Александр Яковлев - Повольники
И, поглядывая на нее, толпа серых солдат и истомленных рабочих задорнее и громче пела привычные песни.
Где-то по углам бабы толкали одна другую в бока и, показывая на Ниночку, говорили:
— Гляди-ка, она уже тут.
— Ах, чтоб ее.
Но в шуме радостном, в песнях задорных голоса эти проходили неслышным шопотом.
А дни — гужем, гужем непрерывным, и скоро унесли с собою радость первых дней. Все лето праздный город грыз семячки. И томился от праздности. Чего-то ждали люди, на что-то надеялись. А чего — никто не понимал. Ну, вот как есть никто.
Потом пришла осень, и задорным конем жизнь вздыбилась, заупрямилась, закружилась на месте.
Конечно, Ниночка была против этих, новых-то законодателей.
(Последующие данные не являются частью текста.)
lemma longest_berge_path_rich_ends:
  assumes rg: "rgraph r V E" and deg: "\<forall>v\<in>V. m choose (r - 1) \<le> hdegree E v"
    and lp0: "longest_berge_path E vs0 es0" and "es0 \<noteq> []" and r: "2 \<le> r"
    and few_edges: "r * length es0 < ((m - 1) choose (r - 2))\<^sup>2"
  shows "\<exists>vs es. longest_berge_path E vs es \<and>
           m \<le> card (hnbhd V (E - set es) (hd vs)) \<and> m \<le> card (hnbhd V (E - set es) (last vs))"
proof -
  obtain vs1 es1 where p1: "longest_berge_path E vs1 es1" "set es1 = set es0"
      "length es1 = length es0" "m \<le> card (hnbhd V (E - set es0) (hd vs1))"
    using longest_berge_path_rich_start[OF rg deg lp0 \<open>es0 \<noteq> []\<close> r few_edges] by auto
  have "rev es1 \<noteq> []" "r * length (rev es1) < ((m - 1) choose (r - 2))\<^sup>2"
    using p1(3) \<open>es0 \<noteq> []\<close> few_edges by auto
  then obtain vs2 es2 where p2: "longest_berge_path E vs2 es2" "set es2 = set (rev es1)"
      "last vs2 = last (rev vs1)" "m \<le> card (hnbhd V (E - set (rev es1)) (hd vs2))"
    using longest_berge_path_rich_start[OF rg deg longest_berge_path_rev[OF p1(1)] _ r] by blast
  have "last (rev vs1) = hd vs1"
    using p1(1) by (auto simp: longest_berge_path_def berge_path_def last_rev)
  then show ?thesis using p1 p2 by (intro exI[of _ vs2] exI[of _ es2]) simp
qed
Офицерики еще кружились возле нее, пристально посматривая, как колышатся ее бока при походке, но уже были они новые, порой испуганные, порой теряли свой блеск и неотразимость, и шипели часто, а Ниночка смотрела на них растерянно, и даже ей почему-то не хотелось в эти дни слышать о любви.
Потом через немного месяцев в городе — в тихом, благочестивом — была стрельба прямо на улицах, и люди убивали друг друга. Две недели Ниночка высидела в старом доме безвыходно, с пьяным отцом, одряхлевшим, словно заплесневатый пень.
И какой острой ненавистью пылала она к этой бунтующей солдатне… Вспомнит, как тогда, весной, она ходила под руку, и вся вспыхнет:
— Уф…
Но странными путями жизнь скачет по российским просторам.
Они, эти серые, резкие, крикливые — они стали у власти.
Пропали офицерики. Выйдет Ниночка на Московскую, а там, то-есть, ни одного приятного лица, ни одних закрученных душистых усов.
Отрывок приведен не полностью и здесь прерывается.